The memory usage is on the sender / encode size. The number of messages sent grows primarily with the number of multimodal elements. The elements are being sent sequentially, though - In the test I'm always handling 32 images in each phase, but they are split differently. So the memory usage in the '4 images' column is actually 8 prompts with 4 images each, 40 messages total. And so, on for '32 images' case it's 1 prompt with 32 images, and 33 messages total.

That's what triggers the memory use -> when multiple messages are being sent as a multipart request. I suppose they are sent quickly enough that the receiving end doesn't have a chance to read them, but the amount of memory used is really disproportionate to the amount of data sent.

When you say per message do you mean per call to send_multipart in the zero-copy case? Or per call to send? Since send_multipart just makes multiple send calls.

Per message in a largest send_multipart. Multiple send_multipart calls don't seem to trigger this.

Presumably when you say per async message you mean when a bunch of different inputs are sent in a single call to LLM.generate?

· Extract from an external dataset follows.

(* Let $\lambda\in\mathbb{R}\setminus\Sigma_0$. Then $\lambda\in\bigcup_{\Theta\in[-\pi,\pi]^2}\sigma(\mathcal{A}^\Theta)$ (i.e. $\lambda\in\sigma(\mathcal A)$) if and only if there exists $(\theta_1,\theta_2)\in[-\pi,\pi]^2$ such that $$(1\ \ \rho)\,\mathbb{M}\begin{pmatrix}1\\0\end{pmatrix}-\frac{\lambda m}{3a}\,(1\ \ \rho)\,\mathbb{M}\begin{pmatrix}\rho\\1\end{pmatrix}=\pm\frac{|S(\theta_1,\theta_2)|}{3},$$ equivalently $\mathcal{D}_1(\lambda)-\frac{\lambda m}{3a}\mathcal{D}_0(\lambda)=\pm|S(\theta_1,\theta_2)|/3$.
   Context: Fix $a>0$, $\kappa^{-1}\ge 0$, $m\ge 0$, $\rho:=a\kappa^{-1}$, and a real symmetric potential $q_0\in L^\infty(0,1)$, $q_0(x)=q_0(1-x)$. The hexagonal lattice $G$ (edges of length 1, identified with $[0,1]$, potential $q_0$ on each edge) carries the Hamiltonian $\mathcal A$: $u_e\mapsto -au_e''+q_0u_e$ with vertex conditions at each vertex $v$ ($\partial_nu_e(v)$ = outward derivative: $-u_e'(0)$ at $x=0$, $u_e'(1)$ at $x=1$): $u_e(v)+\rho\,\partial_nu_e(v)=\omega_v$ for all $e\ni v$ and $a\sum_{e\ni v}\partial_nu_e(v)=\lambda m\,\omega_v$. By Floquet–Bloch theory $\sigma(\mathcal A)=\bigcup_\Theta\sigma(\mathcal A^\Theta)$, where for $\Theta=(\theta_1,\theta_2)\in[-\pi,\pi]^2$ a real $\lambda\in\sigma(\mathcal A^\Theta)$ iff there are $u_1,u_2,u_3\in H^2(0,1)$, $\omega_0,\omega_1\in\mathbb C$, not all zero, with $-au_j''+q_0u_j=\lambda u_j$, $u_j(0)-\rho u_j'(0)=\omega_0$ ($j=1,2,3$), $-a\sum_ju_j'(0)=\lambda m\omega_0$, $u_1(1)+\rho u_1'(1)=e^{i\theta_1}(u_2(1)+\rho u_2'(1))=e^{i\theta_2}(u_3(1)+\rho u_3'(1))=\omega_1$, $a(u_1'(1)+e^{i\theta_1}u_2'(1)+e^{i\theta_2}u_3'(1))=\lambda m\omega_1$. $S(\theta_1,\theta_2):=1+e^{-i\theta_1}+e^{-i\theta_2}$. $\Sigma_0$: set of real $\lambda$ for which $-au''+q_0u=\lambda u$, $u(0)-\rho u'(0)=0$, $u(1)+\rho u'(1)=0$ has a nontrivial solution. Fundamental solutions: $c_\lambda,s_\lambda$ solve $-ay''+q_0y=\lambda y$ on $[0,1]$ with $c_\lambda(0)=1,c_\lambda'(0)=0,s_\lambda(0)=0,s_\lambda'(0)=1$; monodromy matrix $\mathbb M=\begin{pmatrix}c_\lambda(1)&s_\lambda(1)\\c_\lambda'(1)&s_\lambda'(1)\end{pmatrix}$. $\mathcal D_1(\lambda):=c_\lambda(1)+\rho c_\lambda'(1)$, $\mathcal D_2(\lambda):=s_\lambda(1)+\rho s_\lambda'(1)$, $\mathcal D_0(\lambda):=\mathcal D_2(\lambda)+\rho\mathcal D_1(\lambda)$. *)

theory Defs
  imports "HOL-Analysis.Analysis"
begin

See above - sorry for confusion, yes, there are multiple async prompts as well, but the problem is triggered depending on number of messages on a single prompt.

It looks like you're doing all of the benchmarking via LLM.generate/chat rather than via the openai API server, is that correct?

Yes, I'm using the .generate path / offline-inference style.

zero-copy does not seem to actually improve it even when it does fit into memory, and when it doesn't, performance suffers.

What are the fits-into-memory and doesn't-fit-into-memory cases referring to here? And you're saying that the use of zero-copy still makes the memory use much higher and the performance worse, is that correct? I'm still a bit confused about the reason for that.

I mean that as long as there is enough physical memory free, the performance seems to be OK, even though it does consume a lot of RAM. That could be an indication this memory is just allocated and not necessarily used. Once the system starts running low on memory, though, the performance tanks.

has to additionally copy memory on receive to make Tensors happy

I have another PR which should avoid the extra copy on receive by ensuring a memoryview is used when decoding: #16492. I don't think it matters really if the backing data for the tensors is read-only.

Well, Torch likely complains about this for some reason. If the tensors are processed later / stacked or sliced, then that may actually become an issue.

Apr 11 '25 21:04 p88h

Spent some more time investigating this - it seems that no combination of zmq setup affects the problem.

However, I found the more specific trigger : It's not just that zmq behaves weird with multiple messages, but, specifically when those messages are sent as memoryview. If I convert that to bytes (which creates a copy, but only on one side, so it's still better than packing it with the rest of the message) the problem disappears.

Now, zmq does have some special handling of bytes - specifically, when a Frame is constructed on a bytes object, then that object is used as a backing buffer for the frame. If you provide a memoryview, it can create a copy of the buffer as frame._bytes, anytime bytes property is accessed, and one of the things that accesses it is the equality operator. Not sure where that is triggered, but it's the only clue I have now.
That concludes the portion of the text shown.